I need some help. Bought a jsi-p-24 cutter on ebay from jsi sign company. Had to order the usb to serial cable adapter to hook up to my laptop as it doesn't have a serial plug.

Hooked everything up via instructions, ran driver cd and successfully installed. Got some computer problem messages. 1 stated epson driver utlitity drive stopped working but the printer still works fine. 2 stated some part of the signblazer cutting program stopped working. and 3. Toshiba Flash Cards (whatever that is) stopped working and closed.

And to top it all off, my cutter will not respond when I try to cut.

Any suggestions? JSI Tech support will not be open until Monday. They did state that all of this equipement worked on Windows Vista which is what I'm running on this laptop. I would like to start cutting before Monday if I can figure out what to do.

HELP PLEASE!!!!!!! 

Thanks!


----------



## theflowerboxx (Mar 26, 2007)

First thing I would do would be go into your device manager of windows and see if it lists the usb to serial adaptor and make sure the drivers are working correctly.

BTW, what software are you using with your plotter and does your plotter have a test cut button, if so does it do the test cut alright?


----------



## knifemaker3 (Sep 8, 2006)

The manual test with the cutter not connecting to the computer worked fine
it's just when I try to tell it to cut with the signblazer elements software that came with the cutter.
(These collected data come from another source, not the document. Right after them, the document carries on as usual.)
text \<open>A symmetric \<open>n\<times>n\<close> matrix has \<open>k\<close> orthonormal eigenvectors for every
  \<open>k \<le> n\<close>: the orthogonal complement of eigenvectors already found is invariant
  and, while \<open>k < n\<close>, nonzero.\<close>
lemma orthonormal_eigenvectors:
  fixes S :: "real^'n^'n"
  assumes sym: "transpose S = S"
  shows "k \<le> CARD('n) \<Longrightarrow> \<exists>B. finite B \<and> card B = k \<and> pairwise orthogonal B \<and>
           (\<forall>b\<in>B. norm b = 1 \<and> (\<exists>\<mu>. S *v b = \<mu> *\<^sub>R b))"
proof (induction k)
  case 0
  show ?case by (intro exI[of _ "{}"]) auto
next
  case (Suc k)
  then obtain B where B: "finite B" "card B = k" "pairwise orthogonal B"
    and eig: "\<forall>b\<in>B. norm b = 1 \<and> (\<exists>\<mu>. S *v b = \<mu> *\<^sub>R b)"
    by auto
  define W where "W = {x::real^'n. \<forall>b\<in>B. b \<bullet> x = 0}"
  have W_eq: "W = (\<Inter>b\<in>B. {x. b \<bullet> x = 0})" by (auto simp: W_def)
  have W: "subspace W" unfolding W_eq by (intro subspace_Int subspace_hyperplane)
  have invariant: "S *v w \<in> W" if "w \<in> W" for w
  proof -
    have "b \<bullet> (S *v w) = 0" if "b \<in> B" for b
    proof -
      obtain \<mu> where "S *v b = \<mu> *\<^sub>R b" using eig \<open>b \<in> B\<close> by auto
      then show ?thesis
        using symmetric_inner_swap[OF sym, of b w] \<open>w \<in> W\<close> \<open>b \<in> B\<close> by (simp add: W_def)
    qed
    then show ?thesis by (simp add: W_def)
  qed
  have "dim B < DIM(real^'n)"
    using dim_le_card[OF span_superset B(1)] B(2) Suc.prems by simp
  then obtain z where z: "z \<noteq> 0" "\<And>y. y \<in> span B \<Longrightarrow> orthogonal z y"
    using orthogonal_to_subspace_exists by blast
  then have "z \<in> W" by (auto simp: W_def orthogonal_def span_base inner_commute)
  then obtain x where x: "x \<in> W" "norm x = 1" "\<exists>\<mu>. S *v x = \<mu> *\<^sub>R x"
    using invariant_subspace_has_eigenvector[OF sym W invariant _ z(1)] by blast
  have "x \<notin> B" using x by (auto simp: W_def norm_eq_1)
  show ?case
  proof (intro exI[of _ "insert x B"] conjI)
    show "card (insert x B) = Suc k" using B \<open>x \<notin> B\<close> by simp
    show "pairwise orthogonal (insert x B)"
      using B(3) x(1) by (auto simp: pairwise_insert W_def orthogonal_def inner_commute)
  qed (use B eig x in auto)
qed

definition diag_mat :: "real^'n \<Rightarrow> real^'n^'n" where
  "diag_mat v = (\<chi> i j. if i = j then v$i else 0)"

lemma diag_mat_mult_vector: "diag_mat w *v v = (\<chi> i. w$i * v$i)"
  by (simp add: vec_eq_iff diag_mat_def matrix_vector_mult_def if_distrib if_distribR cong: if_cong)

text \<open>The spectral function \<open>g(S) = Q diag(g(d\<^sub>i)) Q\<^sup>T\<close> of a matrix
  \<open>S = Q diag(d) Q\<^sup>T\<close>, given by its eigenbasis \<open>Q\<close> and eigenvalues \<open>d\<close>.\<close>
definition mat_fun :: "real^'n^'n \<Rightarrow> real^'n \<Rightarrow> (real \<Rightarrow> real) \<Rightarrow> real^'n^'n" where
  "mat_fun Q d g = Q ** diag_mat (\<chi> i. g (d$i)) ** transpose Q"

theorem spectral_theorem:
  fixes S :: "real^'n^'n"
  assumes sym: "transpose S = S"
  shows "\<exists>Q d. orthogonal_matrix Q \<and> S = mat_fun Q d (\<lambda>x. x)"
proof -
  obtain B where B: "finite B" "card B = CARD('n)" "pairwise orthogonal B"
    and eig: "\<forall>b\<in>B. norm b = 1 \<and> (\<exists>\<mu>. S *v b = \<mu> *\<^sub>R b)"
    using orthonormal_eigenvectors[OF sym, of "CARD('n)"] by auto
  obtain f where f: "bij_betw f (UNIV::'n set) B"
    using B by (metis finite_class.finite_UNIV finite_same_card_bij)
  have fB: "f i \<in> B" for i using f by (auto simp: bij_betw_def)
  have [simp]: "norm (f i) = 1" for i using eig fB by auto
  have [simp]: "i \<noteq> j \<Longrightarrow> orthogonal (f i) (f j)" for i j
    using B(3) f by (auto simp: pairwise_def bij_betw_def inj_on_def)
  define Q where "Q = (\<chi> i j. f j $ i)"
  have oQ: "orthogonal_matrix Q"
    by (simp add: Q_def orthogonal_matrix_orthonormal_columns column_def)
  define d where "d = (\<chi> j. SOME \<mu>. S *v f j = \<mu> *\<^sub>R f j)"
  have Sf: "S *v f j = (d$j) *\<^sub>R f j" for j
    unfolding d_def using eig fB[of j] by simp (rule someI_ex, auto)
  have SQ: "S ** Q = Q ** diag_mat d"
  proof -
    have "(S ** Q)$i$j = (Q ** diag_mat d)$i$j" for i j
    proof -
      have "(S ** Q)$i$j = (S *v f j)$i"
        by (simp add: matrix_matrix_mult_def matrix_vector_mult_def Q_def)
      also have "\<dots> = f j $ i * d$j" by (simp add: Sf)
      also have "\<dots> = (Q ** diag_mat d)$i$j"
        by (simp add: matrix_matrix_mult_def diag_mat_def Q_def if_distrib if_distribR cong: if_cong)
      finally show ?thesis .
    qed
    then show ?thesis by (simp add: vec_eq_iff)
  qed
  have "S = S ** (Q ** transpose Q)" using oQ by (simp add: orthogonal_matrix_def)
  also have "\<dots> = mat_fun Q d (\<lambda>x. x)" by (simp add: mat_fun_def matrix_mul_assoc SQ)
  finally show ?thesis using oQ by blast
qed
I'll check device manager and see what I can figure out there maybe. 

Thanks!


----------



## knifemaker3 (Sep 8, 2006)

Ok,

Looked in Device mananger. Don't know if this cable is showing or not. Tried putting in the driver cd that came with the usb to serial cable again. Opened to the file to add driver for usb to serial on windows. It says it is already installed.

Any more thoughts?
Thanks


----------



## RobatMDC (Apr 20, 2007)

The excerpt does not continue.